(* Let $a>0$, $\alpha\in[0,1)$ and $f\in\mathcal C_a$. Then the function $\mathrm{Sh}_\alpha(f)$ is convex.
   Context: $\mathcal C_a$ is the set of $C^1$ functions $f:\mathbb R\to\mathbb R$ that are even, satisfy $f(s)=|s|$ for $|s|\ge a$ and are strictly convex on $[-a,a]$. For $f\in\mathcal C_a$: $F_\alpha(s)=f(s)-\alpha s$, $x_\alpha^+=(f')^{-1}(\alpha)\in[0,a)$ (inverse of $f':[-a,a]\to[-1,1]$); $F_\alpha$ decreases on $(-\infty,x_\alpha^+]$ and increases on $[x_\alpha^+,\infty)$. Let $F_\alpha^{-1}$ be the inverse of $F_\alpha|_{[x_\alpha^+,\infty)}$, $\phi=F_\alpha^{-1}\circ F_\alpha$, $\delta_x=(1-\alpha)^{-1}F_\alpha(x)-\phi(x)$, $s_\alpha=x_\alpha^++\delta_{x_\alpha^+}$; $x\mapsto x+\delta_x$ is an increasing bijection $(-\infty,x_\alpha^+]\to(-\infty,s_\alpha]$ with inverse $\tau$. Define $\mathrm{Sh}_\alpha(f)(x)=\alpha x+F_\alpha(\tau(x))$ for $x\le s_\alpha$ and $=x$ for $x>s_\alpha$. *)

theory Defs
  imports "HOL-Analysis.Analysis"
begin

definition strictly_convex_on :: "real set \<Rightarrow> (real \<Rightarrow> real) \<Rightarrow> bool" where
  "strictly_convex_on S f \<longleftrightarrow>
     (\<forall>x\<in>S. \<forall>y\<in>S. x \<noteq> y \<longrightarrow> (\<forall>t. 0 < t \<and> t < 1 \<longrightarrow>
        f ((1 - t) * x + t * y) < (1 - t) * f x + t * f y))"

definition classC :: "real \<Rightarrow> (real \<Rightarrow> real) set" where
  "classC a = {f. f C1_differentiable_on UNIV \<and> (\<forall>s. f (- s) = f s)
      \<and> (\<forall>s. a \<le> \<bar>s\<bar> \<longrightarrow> f s = \<bar>s\<bar>) \<and> strictly_convex_on {-a..a} f}"

definition Falpha :: "real \<Rightarrow> (real \<Rightarrow> real) \<Rightarrow> real \<Rightarrow> real" where
  "Falpha \<alpha> f s = f s - \<alpha> * s"

definition xplus :: "real \<Rightarrow> real \<Rightarrow> (real \<Rightarrow> real) \<Rightarrow> real" where
  "xplus a \<alpha> f = (THE x. x \<in> {-a..a} \<and> deriv f x = \<alpha>)"

definition phi :: "real \<Rightarrow> real \<Rightarrow> (real \<Rightarrow> real) \<Rightarrow> real \<Rightarrow> real" where
  "phi a \<alpha> f x = the_inv_into {xplus a \<alpha> f..} (Falpha \<alpha> f) (Falpha \<alpha> f x)"

definition delta :: "real \<Rightarrow> real \<Rightarrow> (real \<Rightarrow> real) \<Rightarrow> real \<Rightarrow> real" where
  "delta a \<alpha> f x = Falpha \<alpha> f x / (1 - \<alpha>) - phi a \<alpha> f x"

definition salpha :: "real \<Rightarrow> real \<Rightarrow> (real \<Rightarrow> real) \<Rightarrow> real" where
  "salpha a \<alpha> f = xplus a \<alpha> f + delta a \<alpha> f (xplus a \<alpha> f)"

definition tau :: "real \<Rightarrow> real \<Rightarrow> (real \<Rightarrow> real) \<Rightarrow> real \<Rightarrow> real" where
  "tau a \<alpha> f = the_inv_into {..xplus a \<alpha> f} (\<lambda>x. x + delta a \<alpha> f x)"

definition Sh :: "real \<Rightarrow> real \<Rightarrow> (real \<Rightarrow> real) \<Rightarrow> real \<Rightarrow> real" where
  "Sh a \<alpha> f x = (if x \<le> salpha a \<alpha> f then \<alpha> * x + Falpha \<alpha> f (tau a \<alpha> f x) else x)"

end

theory Submission
  imports Defs
begin

(* Write Sh_alpha(f)(y) = alpha y + tilted_Sh(y). Then tilted_Sh(y) = (1 - alpha) y for
   y >= s_alpha and tilted_Sh(y) = F_alpha(tau y) for y <= s_alpha, so tilted_Sh attains its
   minimum F_alpha(x_alpha^+) at s_alpha and is convex as soon as it is convex on both half-lines.
   Put g x = x + delta_x. If the level V of F_alpha is attained at t <= x_alpha^+, then
   g t = t - phi t + V / (1 - alpha), where t and phi t are the left and right roots of F_alpha = V.
   By convexity of F_alpha, a convex combination of levels has its left root below and its right
   root above the corresponding combinations of roots, so g(t) is at most the convex combination
   of the g(t_i). As g is increasing (F_alpha has slope at most 1 - alpha) and F_alpha decreases
   left of x_alpha^+, this gives tilted_Sh(y) <= V for the convex combination y of the g(t_i). *)

lemma convex_on_glue_at_min:
  fixes G :: "real \<Rightarrow> real"
  assumes left: "convex_on {..s} G" and right: "convex_on {s..} G"
    and min: "\<And>x. G s \<le> G x"
  shows "convex_on UNIV G"
proof (rule convex_on_linorderI)
  have shift_weight: "G z \<le> (1 - t) * G p + t * G q"
    if z: "G z \<le> (1 - \<mu>) * G p + \<mu> * G s" and t: "0 \<le> t" "t \<le> \<mu>" for z p q t \<mu>
  proof -
    have "(1 - \<mu>) * G p + \<mu> * G s = (1 - t) * G p + t * G s - (\<mu> - t) * (G p - G s)"
      by (simp add: algebra_simps)
    also have "\<dots> \<le> (1 - t) * G p + t * G s"
      using t min[of p] by simp
    also have "\<dots> \<le> (1 - t) * G p + t * G q"
      using t min[of q] by (simp add: mult_left_mono)
    finally show ?thesis using z by linarith
  qed
  fix t x y :: real
  assume t: "0 < t" "t < 1" and "x < y"
  define z where "z = (1 - t) * x + t * y"
  have tz: "t = (z - x) / (y - x)" "1 - t = (y - z) / (y - x)"
    using \<open>x < y\<close> by (simp_all add: z_def field_simps)
  have "t * x < t * y" "(1 - t) * x < (1 - t) * y"
    using t \<open>x < y\<close> by simp_all
  then have "x < z" "z < y"
    by (simp_all add: z_def algebra_simps)
  consider "y \<le> s" | "s \<le> x" | "x < s" "s < y" "z \<le> s" | "x < s" "s < y" "s \<le> z"
    by linarith
  then have "G z \<le> (1 - t) * G x + t * G y"
  proof cases
    case 1
    then show ?thesis using convex_onD[OF left, of t x y] t \<open>x < y\<close> by (simp add: z_def)
  next
    case 2
    then show ?thesis using convex_onD[OF right, of t x y] t \<open>x < y\<close> by (simp add: z_def)
  next
    case 3
    define \<mu> where "\<mu> = (z - x) / (s - x)"
    have "\<mu> * (s - x) = z - x" "0 \<le> \<mu>" "\<mu> \<le> 1"
      using 3 \<open>x < z\<close> by (simp_all add: \<mu>_def)
    then have "z = (1 - \<mu>) * x + \<mu> * s" "0 \<le> \<mu>" "\<mu> \<le> 1"
      by (simp_all add: algebra_simps)
    then have "G z \<le> (1 - \<mu>) * G x + \<mu> * G s"
      using convex_onD[OF left, of \<mu> x s] 3 by simp
    moreover have "t \<le> \<mu>"
      unfolding tz(1) \<mu>_def using 3 \<open>x < z\<close> \<open>z < y\<close> by (intro divide_left_mono) auto
    ultimately show ?thesis using shift_weight t by simp
  next
    case 4
    define \<mu> where "\<mu> = (y - z) / (y - s)"
    have "\<mu> * (y - s) = y - z" "0 \<le> \<mu>" "\<mu> \<le> 1"
      using 4 \<open>z < y\<close> by (simp_all add: \<mu>_def)
    then have "z = (1 - \<mu>) * y + \<mu> * s" "0 \<le> \<mu>" "\<mu> \<le> 1"
      by (simp_all add: algebra_simps)
    then have "G z \<le> (1 - \<mu>) * G y + \<mu> * G s"
      using convex_onD[OF right, of \<mu> y s] 4 by simp
    moreover have "1 - t \<le> \<mu>"
      unfolding tz(2) \<mu>_def using 4 \<open>x < z\<close> \<open>z < y\<close> by (intro divide_left_mono) auto
    ultimately have "G z \<le> t * G y + (1 - t) * G x"
      using shift_weight[where p = y and q = x and t = "1 - t"] t by simp
    then show ?thesis by linarith
  qed
  then show "G ((1 - t) *\<^sub>R x + t *\<^sub>R y) \<le> (1 - t) * G x + t * G y"
    by (simp add: z_def)
qed simp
..............................
--- WHAT IS EXPECTED ---
Reproduce word for word the material above, beginning with the line that contains "(* Write Sh_alpha(f)(y)" and ending with the line that contains "root above the".

--- PROBLEM SOLUTION ---
(* Write Sh_alpha(f)(y) = alpha y + tilted_Sh(y). Then tilted_Sh(y) = (1 - alpha) y for
   y >= s_alpha and tilted_Sh(y) = F_alpha(tau y) for y <= s_alpha, so tilted_Sh attains its
   minimum F_alpha(x_alpha^+) at s_alpha and is convex as soon as it is convex on both half-lines.
   Put g x = x + delta_x. If the level V of F_alpha is attained at t <= x_alpha^+, then
   g t = t - phi t + V / (1 - alpha), where t and phi t are the left and right roots of F_alpha = V.
   By convexity of F_alpha, a convex combination of levels has its left root below and its right
   root above the corresponding combinations of roots, so g(t) is at most the convex combination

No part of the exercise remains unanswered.